INPUT RECORDS
+ + + +

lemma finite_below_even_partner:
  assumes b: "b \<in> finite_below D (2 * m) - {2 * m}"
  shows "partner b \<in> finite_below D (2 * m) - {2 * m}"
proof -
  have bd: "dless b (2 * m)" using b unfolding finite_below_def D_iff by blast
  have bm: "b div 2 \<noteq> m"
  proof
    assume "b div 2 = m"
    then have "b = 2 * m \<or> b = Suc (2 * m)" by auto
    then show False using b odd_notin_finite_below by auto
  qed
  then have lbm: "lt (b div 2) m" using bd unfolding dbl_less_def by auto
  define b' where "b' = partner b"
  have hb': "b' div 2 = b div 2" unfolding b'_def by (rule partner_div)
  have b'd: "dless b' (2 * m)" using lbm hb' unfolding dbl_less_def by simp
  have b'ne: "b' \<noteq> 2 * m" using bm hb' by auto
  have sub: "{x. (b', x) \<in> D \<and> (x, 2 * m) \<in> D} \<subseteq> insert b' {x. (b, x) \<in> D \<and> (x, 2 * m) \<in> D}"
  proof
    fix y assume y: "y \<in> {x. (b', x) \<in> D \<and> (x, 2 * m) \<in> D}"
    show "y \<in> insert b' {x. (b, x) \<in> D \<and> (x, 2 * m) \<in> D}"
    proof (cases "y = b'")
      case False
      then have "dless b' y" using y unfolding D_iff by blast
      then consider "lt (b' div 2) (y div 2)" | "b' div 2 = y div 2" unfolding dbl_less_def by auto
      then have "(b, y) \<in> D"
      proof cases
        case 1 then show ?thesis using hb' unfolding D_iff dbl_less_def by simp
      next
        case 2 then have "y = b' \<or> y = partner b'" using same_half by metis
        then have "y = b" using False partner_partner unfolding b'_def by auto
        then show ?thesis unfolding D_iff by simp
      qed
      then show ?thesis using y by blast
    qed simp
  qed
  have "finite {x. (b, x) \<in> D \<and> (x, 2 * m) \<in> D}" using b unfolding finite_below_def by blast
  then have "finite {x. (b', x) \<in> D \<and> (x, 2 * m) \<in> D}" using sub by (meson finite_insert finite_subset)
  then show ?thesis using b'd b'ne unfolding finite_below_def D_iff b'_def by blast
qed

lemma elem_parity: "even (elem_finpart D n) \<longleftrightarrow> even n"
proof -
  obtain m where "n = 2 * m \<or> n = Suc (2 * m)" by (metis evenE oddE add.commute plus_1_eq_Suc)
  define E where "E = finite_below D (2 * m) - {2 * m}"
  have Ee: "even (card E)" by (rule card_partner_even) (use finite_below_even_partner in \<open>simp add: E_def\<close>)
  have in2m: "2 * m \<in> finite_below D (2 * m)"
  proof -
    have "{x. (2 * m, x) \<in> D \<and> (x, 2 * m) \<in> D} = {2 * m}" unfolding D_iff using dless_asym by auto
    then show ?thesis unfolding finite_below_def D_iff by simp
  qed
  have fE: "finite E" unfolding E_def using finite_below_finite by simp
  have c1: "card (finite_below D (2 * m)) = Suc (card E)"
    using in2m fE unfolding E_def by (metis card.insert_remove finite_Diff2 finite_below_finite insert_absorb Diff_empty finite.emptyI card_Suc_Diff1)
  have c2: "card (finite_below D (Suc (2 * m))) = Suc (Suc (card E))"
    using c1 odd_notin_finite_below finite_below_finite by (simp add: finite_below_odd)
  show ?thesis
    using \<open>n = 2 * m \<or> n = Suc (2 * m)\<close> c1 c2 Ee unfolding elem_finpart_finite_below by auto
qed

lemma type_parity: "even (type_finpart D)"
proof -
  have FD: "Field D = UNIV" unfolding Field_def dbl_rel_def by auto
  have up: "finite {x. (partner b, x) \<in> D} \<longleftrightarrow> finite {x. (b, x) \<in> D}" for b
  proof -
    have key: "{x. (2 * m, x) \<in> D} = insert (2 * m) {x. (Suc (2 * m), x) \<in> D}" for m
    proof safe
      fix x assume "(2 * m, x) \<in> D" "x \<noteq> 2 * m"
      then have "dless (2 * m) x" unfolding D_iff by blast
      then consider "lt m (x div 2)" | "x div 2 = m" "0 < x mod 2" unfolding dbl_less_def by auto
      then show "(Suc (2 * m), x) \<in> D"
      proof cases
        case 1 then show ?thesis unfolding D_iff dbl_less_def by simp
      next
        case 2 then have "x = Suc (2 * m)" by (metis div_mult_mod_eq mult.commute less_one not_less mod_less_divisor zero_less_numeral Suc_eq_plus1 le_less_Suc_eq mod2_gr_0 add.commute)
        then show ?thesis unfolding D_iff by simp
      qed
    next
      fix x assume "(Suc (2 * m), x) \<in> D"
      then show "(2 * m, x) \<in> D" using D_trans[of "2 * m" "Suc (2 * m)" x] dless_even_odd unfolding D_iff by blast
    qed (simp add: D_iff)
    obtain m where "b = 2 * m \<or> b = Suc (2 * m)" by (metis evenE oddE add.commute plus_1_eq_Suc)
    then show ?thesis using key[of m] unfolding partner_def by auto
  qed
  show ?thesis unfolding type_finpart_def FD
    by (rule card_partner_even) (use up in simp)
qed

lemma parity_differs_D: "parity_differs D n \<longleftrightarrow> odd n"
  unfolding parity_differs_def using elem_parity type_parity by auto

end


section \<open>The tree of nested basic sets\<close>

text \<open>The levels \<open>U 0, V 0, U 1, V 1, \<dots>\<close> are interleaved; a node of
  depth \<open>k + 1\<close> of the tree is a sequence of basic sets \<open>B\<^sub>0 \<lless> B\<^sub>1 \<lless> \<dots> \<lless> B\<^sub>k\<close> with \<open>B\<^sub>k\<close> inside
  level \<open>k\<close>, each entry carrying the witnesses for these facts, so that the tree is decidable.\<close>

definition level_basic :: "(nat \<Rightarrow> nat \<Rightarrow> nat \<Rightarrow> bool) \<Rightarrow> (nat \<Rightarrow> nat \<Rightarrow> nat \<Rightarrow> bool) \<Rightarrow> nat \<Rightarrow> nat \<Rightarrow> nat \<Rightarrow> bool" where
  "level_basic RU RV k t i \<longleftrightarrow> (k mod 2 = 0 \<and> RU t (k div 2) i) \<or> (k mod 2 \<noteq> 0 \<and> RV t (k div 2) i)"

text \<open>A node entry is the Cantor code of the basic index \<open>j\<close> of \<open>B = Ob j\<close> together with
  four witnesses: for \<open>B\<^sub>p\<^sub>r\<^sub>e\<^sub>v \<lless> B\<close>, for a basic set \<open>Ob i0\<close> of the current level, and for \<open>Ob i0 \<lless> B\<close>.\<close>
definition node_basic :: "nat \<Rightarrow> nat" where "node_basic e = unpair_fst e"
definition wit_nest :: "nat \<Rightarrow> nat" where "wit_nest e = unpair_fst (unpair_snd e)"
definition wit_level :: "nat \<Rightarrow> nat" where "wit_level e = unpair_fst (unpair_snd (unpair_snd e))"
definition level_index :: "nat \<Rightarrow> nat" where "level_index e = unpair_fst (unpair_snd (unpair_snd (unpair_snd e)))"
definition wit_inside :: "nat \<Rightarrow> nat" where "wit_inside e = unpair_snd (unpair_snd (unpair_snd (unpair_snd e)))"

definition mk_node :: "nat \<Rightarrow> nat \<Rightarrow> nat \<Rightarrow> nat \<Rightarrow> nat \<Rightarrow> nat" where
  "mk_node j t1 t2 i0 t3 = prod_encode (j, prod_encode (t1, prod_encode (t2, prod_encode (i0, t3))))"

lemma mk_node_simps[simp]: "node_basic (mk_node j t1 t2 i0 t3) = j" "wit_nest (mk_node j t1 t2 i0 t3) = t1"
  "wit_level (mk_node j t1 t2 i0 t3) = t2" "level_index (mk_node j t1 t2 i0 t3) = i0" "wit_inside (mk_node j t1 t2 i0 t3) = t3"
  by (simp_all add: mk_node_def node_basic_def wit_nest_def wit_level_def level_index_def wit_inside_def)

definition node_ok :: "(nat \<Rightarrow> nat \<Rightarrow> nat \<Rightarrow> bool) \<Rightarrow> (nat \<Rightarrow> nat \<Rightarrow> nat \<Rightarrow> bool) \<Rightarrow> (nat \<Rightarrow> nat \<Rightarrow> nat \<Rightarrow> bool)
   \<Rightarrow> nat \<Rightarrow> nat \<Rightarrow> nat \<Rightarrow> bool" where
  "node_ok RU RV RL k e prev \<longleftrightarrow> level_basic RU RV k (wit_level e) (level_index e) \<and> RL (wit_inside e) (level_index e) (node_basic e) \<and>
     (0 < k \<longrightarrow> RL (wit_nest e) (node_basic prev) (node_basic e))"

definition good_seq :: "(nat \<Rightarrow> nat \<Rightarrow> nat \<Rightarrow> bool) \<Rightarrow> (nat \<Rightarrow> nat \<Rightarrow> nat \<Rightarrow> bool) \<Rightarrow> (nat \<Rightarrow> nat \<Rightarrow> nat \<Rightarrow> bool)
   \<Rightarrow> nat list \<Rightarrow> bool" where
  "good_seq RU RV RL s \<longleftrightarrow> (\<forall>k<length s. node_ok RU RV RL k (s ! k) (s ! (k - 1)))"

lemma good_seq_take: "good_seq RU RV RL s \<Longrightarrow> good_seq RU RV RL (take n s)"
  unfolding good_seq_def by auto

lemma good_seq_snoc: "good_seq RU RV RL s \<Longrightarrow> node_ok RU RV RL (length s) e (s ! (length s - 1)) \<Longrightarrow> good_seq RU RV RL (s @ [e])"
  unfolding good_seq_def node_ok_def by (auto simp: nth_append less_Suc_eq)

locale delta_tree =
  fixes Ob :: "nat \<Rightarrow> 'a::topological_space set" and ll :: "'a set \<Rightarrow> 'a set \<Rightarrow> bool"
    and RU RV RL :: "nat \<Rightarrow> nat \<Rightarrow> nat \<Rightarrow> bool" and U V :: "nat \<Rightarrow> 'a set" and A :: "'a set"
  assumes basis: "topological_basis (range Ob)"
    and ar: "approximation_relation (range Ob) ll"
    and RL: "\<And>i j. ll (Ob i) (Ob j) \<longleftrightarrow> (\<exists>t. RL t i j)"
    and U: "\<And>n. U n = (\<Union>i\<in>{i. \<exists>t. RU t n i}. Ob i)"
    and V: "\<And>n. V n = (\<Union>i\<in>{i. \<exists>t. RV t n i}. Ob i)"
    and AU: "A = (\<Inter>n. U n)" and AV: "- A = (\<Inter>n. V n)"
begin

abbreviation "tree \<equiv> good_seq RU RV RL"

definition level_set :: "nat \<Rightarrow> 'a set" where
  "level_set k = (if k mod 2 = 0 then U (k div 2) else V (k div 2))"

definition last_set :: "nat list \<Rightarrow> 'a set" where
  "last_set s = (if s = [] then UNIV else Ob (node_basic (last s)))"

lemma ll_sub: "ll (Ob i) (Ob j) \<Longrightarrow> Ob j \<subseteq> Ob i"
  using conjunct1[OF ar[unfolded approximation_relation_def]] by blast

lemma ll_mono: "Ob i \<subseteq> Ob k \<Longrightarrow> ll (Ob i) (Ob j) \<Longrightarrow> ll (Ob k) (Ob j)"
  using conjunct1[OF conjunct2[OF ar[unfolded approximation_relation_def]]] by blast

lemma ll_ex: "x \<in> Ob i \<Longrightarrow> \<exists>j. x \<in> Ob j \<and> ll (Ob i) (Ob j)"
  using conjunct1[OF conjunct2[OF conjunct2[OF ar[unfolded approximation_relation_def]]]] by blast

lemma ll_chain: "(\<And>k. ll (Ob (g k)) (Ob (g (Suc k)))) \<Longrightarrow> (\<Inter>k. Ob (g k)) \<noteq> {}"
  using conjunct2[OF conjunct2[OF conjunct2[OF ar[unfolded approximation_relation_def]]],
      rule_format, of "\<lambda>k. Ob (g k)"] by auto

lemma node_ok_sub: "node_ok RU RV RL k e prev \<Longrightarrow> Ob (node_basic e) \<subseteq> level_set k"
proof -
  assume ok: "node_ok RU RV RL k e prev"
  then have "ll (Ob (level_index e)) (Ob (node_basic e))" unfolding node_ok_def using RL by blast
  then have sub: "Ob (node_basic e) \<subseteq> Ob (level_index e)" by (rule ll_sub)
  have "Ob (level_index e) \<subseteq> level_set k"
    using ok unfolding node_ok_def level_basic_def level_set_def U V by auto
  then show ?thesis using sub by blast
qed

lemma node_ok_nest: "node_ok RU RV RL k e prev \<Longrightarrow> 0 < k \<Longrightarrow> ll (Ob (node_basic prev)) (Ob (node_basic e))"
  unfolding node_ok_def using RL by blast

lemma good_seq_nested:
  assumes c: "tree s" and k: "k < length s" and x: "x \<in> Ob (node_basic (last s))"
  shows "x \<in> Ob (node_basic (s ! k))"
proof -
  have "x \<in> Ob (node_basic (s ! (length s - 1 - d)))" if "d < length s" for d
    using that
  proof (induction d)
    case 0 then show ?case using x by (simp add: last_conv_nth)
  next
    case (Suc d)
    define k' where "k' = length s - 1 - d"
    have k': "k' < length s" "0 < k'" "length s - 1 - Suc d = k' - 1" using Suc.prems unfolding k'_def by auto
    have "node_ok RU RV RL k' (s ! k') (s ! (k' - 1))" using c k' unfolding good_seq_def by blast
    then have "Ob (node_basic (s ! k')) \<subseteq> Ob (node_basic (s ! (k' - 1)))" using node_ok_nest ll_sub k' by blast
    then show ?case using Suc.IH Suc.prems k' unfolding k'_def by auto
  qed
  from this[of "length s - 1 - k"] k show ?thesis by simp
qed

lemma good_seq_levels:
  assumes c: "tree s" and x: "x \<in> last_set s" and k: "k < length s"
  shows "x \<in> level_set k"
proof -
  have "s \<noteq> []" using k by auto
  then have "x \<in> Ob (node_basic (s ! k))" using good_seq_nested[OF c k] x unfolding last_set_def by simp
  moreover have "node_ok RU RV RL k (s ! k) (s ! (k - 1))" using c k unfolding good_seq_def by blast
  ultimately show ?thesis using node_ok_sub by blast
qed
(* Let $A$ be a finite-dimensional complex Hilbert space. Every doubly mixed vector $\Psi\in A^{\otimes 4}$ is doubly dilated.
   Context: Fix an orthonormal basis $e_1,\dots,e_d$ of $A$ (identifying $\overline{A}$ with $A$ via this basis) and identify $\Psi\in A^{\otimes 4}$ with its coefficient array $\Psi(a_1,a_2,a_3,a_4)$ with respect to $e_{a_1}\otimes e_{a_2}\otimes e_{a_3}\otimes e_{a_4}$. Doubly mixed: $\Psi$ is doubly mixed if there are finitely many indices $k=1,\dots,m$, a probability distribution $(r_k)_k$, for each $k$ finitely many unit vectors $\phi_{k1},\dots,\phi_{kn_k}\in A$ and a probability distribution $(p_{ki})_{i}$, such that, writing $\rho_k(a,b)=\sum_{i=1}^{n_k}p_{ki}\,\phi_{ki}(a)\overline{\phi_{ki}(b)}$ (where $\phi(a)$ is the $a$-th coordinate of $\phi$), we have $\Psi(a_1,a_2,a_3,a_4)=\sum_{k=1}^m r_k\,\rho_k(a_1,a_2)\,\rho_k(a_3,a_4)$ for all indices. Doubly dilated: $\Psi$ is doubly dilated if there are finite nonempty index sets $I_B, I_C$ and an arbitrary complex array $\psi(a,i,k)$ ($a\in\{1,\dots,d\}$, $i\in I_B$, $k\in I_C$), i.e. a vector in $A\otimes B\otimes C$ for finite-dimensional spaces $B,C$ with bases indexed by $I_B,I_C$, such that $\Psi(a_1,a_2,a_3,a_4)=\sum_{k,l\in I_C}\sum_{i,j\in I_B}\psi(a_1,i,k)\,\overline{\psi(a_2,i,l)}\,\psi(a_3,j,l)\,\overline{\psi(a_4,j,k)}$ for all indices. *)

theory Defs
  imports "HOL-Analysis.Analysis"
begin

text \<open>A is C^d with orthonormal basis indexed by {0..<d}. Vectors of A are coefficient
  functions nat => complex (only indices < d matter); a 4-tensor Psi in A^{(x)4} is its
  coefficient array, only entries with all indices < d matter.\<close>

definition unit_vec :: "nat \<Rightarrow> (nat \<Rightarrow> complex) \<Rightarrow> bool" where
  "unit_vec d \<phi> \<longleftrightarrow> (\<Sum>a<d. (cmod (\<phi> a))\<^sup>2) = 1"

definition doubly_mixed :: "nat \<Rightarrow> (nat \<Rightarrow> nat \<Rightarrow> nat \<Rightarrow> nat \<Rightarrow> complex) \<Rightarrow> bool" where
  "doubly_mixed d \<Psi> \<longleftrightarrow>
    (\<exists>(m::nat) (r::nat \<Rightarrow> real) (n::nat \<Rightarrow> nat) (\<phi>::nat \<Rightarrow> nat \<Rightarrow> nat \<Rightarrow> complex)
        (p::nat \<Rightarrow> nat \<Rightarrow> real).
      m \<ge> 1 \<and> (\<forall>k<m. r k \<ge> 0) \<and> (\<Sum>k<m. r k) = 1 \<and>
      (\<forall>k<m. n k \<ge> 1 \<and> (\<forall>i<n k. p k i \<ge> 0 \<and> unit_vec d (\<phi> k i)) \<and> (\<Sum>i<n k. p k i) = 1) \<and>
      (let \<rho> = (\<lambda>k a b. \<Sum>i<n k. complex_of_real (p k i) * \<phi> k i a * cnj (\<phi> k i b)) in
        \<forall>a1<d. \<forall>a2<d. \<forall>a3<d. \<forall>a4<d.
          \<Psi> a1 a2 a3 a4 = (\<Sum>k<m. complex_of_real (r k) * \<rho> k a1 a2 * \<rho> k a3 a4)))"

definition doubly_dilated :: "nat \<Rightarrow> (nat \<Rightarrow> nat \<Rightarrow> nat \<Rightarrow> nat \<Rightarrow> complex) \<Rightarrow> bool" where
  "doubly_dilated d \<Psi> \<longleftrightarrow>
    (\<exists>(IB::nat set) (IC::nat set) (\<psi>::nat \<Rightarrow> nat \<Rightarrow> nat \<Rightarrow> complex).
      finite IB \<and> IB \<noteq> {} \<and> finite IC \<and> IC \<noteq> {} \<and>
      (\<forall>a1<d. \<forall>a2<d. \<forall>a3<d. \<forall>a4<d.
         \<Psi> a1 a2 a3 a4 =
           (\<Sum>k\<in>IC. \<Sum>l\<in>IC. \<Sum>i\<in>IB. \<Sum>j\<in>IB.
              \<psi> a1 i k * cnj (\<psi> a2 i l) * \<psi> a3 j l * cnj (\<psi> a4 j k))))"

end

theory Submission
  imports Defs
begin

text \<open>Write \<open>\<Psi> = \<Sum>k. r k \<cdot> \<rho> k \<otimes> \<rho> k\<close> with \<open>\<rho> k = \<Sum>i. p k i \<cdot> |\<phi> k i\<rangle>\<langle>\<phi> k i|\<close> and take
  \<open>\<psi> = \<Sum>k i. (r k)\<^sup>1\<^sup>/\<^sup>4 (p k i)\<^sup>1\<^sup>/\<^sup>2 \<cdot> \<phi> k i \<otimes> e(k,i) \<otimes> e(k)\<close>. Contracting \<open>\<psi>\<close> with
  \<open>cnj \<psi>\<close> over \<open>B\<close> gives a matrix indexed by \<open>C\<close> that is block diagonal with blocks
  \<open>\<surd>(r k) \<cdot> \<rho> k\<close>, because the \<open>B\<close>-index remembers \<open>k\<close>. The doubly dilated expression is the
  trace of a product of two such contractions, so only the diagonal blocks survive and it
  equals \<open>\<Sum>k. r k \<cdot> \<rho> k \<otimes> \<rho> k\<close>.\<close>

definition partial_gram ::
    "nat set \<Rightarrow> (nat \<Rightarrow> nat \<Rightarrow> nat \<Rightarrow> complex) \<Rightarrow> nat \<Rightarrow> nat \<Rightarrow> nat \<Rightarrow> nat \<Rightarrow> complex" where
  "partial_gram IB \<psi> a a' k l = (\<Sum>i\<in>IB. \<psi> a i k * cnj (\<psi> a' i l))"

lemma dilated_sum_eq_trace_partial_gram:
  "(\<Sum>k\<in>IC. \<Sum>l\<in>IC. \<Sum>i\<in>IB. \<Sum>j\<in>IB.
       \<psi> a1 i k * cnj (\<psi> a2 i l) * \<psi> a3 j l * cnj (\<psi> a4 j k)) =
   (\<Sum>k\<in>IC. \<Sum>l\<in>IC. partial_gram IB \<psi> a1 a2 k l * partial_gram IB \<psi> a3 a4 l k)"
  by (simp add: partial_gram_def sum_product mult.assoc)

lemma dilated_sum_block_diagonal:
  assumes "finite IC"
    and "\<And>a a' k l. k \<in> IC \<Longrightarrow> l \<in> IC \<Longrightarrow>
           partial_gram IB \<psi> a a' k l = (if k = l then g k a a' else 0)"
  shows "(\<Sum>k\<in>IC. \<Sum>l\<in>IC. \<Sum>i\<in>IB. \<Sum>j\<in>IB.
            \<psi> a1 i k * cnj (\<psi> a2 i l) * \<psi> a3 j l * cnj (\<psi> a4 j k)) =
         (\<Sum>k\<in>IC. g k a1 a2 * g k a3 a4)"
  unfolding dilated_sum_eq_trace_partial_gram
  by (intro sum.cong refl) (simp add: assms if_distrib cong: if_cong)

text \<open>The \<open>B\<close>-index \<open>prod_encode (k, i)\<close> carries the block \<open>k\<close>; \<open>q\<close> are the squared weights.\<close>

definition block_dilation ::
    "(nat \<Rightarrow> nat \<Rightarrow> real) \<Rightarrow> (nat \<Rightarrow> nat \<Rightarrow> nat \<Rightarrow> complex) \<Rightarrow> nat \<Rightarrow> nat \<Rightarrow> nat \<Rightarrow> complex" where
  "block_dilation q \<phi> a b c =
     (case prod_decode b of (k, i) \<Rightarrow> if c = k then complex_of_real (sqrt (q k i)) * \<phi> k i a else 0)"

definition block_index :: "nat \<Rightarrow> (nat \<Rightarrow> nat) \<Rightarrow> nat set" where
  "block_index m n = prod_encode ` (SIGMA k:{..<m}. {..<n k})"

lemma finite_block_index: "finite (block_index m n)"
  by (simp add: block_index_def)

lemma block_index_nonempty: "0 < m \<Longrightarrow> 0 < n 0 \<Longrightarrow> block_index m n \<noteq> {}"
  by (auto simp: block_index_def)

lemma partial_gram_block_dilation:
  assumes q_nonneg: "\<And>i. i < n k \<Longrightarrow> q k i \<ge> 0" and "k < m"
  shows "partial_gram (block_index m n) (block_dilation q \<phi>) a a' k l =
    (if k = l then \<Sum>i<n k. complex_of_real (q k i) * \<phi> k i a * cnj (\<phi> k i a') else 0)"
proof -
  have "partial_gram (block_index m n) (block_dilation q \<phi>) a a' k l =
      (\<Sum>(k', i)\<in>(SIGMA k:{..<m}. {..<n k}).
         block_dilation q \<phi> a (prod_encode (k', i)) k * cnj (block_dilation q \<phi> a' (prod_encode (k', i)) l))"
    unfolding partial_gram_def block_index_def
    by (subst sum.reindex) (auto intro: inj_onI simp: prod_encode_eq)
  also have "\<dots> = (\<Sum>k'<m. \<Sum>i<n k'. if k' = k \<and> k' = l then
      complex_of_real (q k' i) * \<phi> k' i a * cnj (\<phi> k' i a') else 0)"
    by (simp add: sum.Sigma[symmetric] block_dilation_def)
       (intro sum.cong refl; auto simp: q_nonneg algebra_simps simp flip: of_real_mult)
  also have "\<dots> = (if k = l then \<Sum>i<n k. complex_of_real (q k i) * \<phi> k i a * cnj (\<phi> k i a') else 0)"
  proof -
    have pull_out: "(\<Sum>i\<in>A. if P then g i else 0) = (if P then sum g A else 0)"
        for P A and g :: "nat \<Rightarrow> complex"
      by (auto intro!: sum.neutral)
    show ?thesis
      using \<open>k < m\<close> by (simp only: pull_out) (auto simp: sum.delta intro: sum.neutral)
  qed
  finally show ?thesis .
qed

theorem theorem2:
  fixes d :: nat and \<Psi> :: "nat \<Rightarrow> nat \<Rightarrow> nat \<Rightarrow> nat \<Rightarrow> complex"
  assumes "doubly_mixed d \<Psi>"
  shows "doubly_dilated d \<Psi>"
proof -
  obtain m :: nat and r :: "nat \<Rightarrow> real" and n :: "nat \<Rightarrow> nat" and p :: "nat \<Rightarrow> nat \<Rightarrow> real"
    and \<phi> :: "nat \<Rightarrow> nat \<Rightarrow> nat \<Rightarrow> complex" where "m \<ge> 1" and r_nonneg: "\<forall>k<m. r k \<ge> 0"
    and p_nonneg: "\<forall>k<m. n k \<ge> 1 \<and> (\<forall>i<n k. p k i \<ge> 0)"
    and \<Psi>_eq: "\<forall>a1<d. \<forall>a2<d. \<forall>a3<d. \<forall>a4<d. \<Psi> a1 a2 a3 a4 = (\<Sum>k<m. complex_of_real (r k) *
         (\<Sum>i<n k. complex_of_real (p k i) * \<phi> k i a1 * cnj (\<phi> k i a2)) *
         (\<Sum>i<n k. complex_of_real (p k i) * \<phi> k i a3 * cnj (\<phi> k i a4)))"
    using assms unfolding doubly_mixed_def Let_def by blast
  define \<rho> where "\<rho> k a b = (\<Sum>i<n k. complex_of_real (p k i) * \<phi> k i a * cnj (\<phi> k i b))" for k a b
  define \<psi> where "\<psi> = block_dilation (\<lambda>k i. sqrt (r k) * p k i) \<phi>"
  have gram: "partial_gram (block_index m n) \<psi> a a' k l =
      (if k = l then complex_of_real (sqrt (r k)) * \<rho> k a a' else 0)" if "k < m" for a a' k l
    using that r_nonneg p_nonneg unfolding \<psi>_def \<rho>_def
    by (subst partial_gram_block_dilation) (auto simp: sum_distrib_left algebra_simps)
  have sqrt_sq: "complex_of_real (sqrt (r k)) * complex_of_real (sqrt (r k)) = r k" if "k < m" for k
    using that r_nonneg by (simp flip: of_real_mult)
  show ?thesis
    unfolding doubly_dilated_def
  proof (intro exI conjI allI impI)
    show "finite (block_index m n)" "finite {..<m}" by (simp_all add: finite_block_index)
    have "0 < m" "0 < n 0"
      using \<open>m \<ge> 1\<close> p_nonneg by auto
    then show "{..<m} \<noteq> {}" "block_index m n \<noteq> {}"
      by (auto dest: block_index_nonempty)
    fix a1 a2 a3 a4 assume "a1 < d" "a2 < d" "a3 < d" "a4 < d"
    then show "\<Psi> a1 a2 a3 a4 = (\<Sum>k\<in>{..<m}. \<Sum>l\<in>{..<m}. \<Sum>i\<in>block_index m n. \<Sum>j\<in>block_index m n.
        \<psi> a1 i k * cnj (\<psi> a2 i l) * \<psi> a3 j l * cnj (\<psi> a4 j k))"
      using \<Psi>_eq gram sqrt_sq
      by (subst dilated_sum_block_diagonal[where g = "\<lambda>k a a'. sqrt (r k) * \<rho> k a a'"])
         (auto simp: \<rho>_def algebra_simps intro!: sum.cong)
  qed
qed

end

+ + + +

In this exercise, copy only the lines from the opening line of the material through the line where "define E where" appears.

lemma finite_below_even_partner:
  assumes b: "b \<in> finite_below D (2 * m) - {2 * m}"
  shows "partner b \<in> finite_below D (2 * m) - {2 * m}"
proof -
  have bd: "dless b (2 * m)" using b unfolding finite_below_def D_iff by blast
  have bm: "b div 2 \<noteq> m"
  proof
    assume "b div 2 = m"
    then have "b = 2 * m \<or> b = Suc (2 * m)" by auto
    then show False using b odd_notin_finite_below by auto
  qed
  then have lbm: "lt (b div 2) m" using bd unfolding dbl_less_def by auto
  define b' where "b' = partner b"
  have hb': "b' div 2 = b div 2" unfolding b'_def by (rule partner_div)
  have b'd: "dless b' (2 * m)" using lbm hb' unfolding dbl_less_def by simp
  have b'ne: "b' \<noteq> 2 * m" using bm hb' by auto
  have sub: "{x. (b', x) \<in> D \<and> (x, 2 * m) \<in> D} \<subseteq> insert b' {x. (b, x) \<in> D \<and> (x, 2 * m) \<in> D}"
  proof
    fix y assume y: "y \<in> {x. (b', x) \<in> D \<and> (x, 2 * m) \<in> D}"
    show "y \<in> insert b' {x. (b, x) \<in> D \<and> (x, 2 * m) \<in> D}"
    proof (cases "y = b'")
      case False
      then have "dless b' y" using y unfolding D_iff by blast
      then consider "lt (b' div 2) (y div 2)" | "b' div 2 = y div 2" unfolding dbl_less_def by auto
      then have "(b, y) \<in> D"
      proof cases
        case 1 then show ?thesis using hb' unfolding D_iff dbl_less_def by simp
      next
        case 2 then have "y = b' \<or> y = partner b'" using same_half by metis
        then have "y = b" using False partner_partner unfolding b'_def by auto
        then show ?thesis unfolding D_iff by simp
      qed
      then show ?thesis using y by blast
    qed simp
  qed
  have "finite {x. (b, x) \<in> D \<and> (x, 2 * m) \<in> D}" using b unfolding finite_below_def by blast
  then have "finite {x. (b', x) \<in> D \<and> (x, 2 * m) \<in> D}" using sub by (meson finite_insert finite_subset)
  then show ?thesis using b'd b'ne unfolding finite_below_def D_iff b'_def by blast
qed

lemma elem_parity: "even (elem_finpart D n) \<longleftrightarrow> even n"
proof -
  obtain m where "n = 2 * m \<or> n = Suc (2 * m)" by (metis evenE oddE add.commute plus_1_eq_Suc)
  define E where "E = finite_below D (2 * m) - {2 * m}"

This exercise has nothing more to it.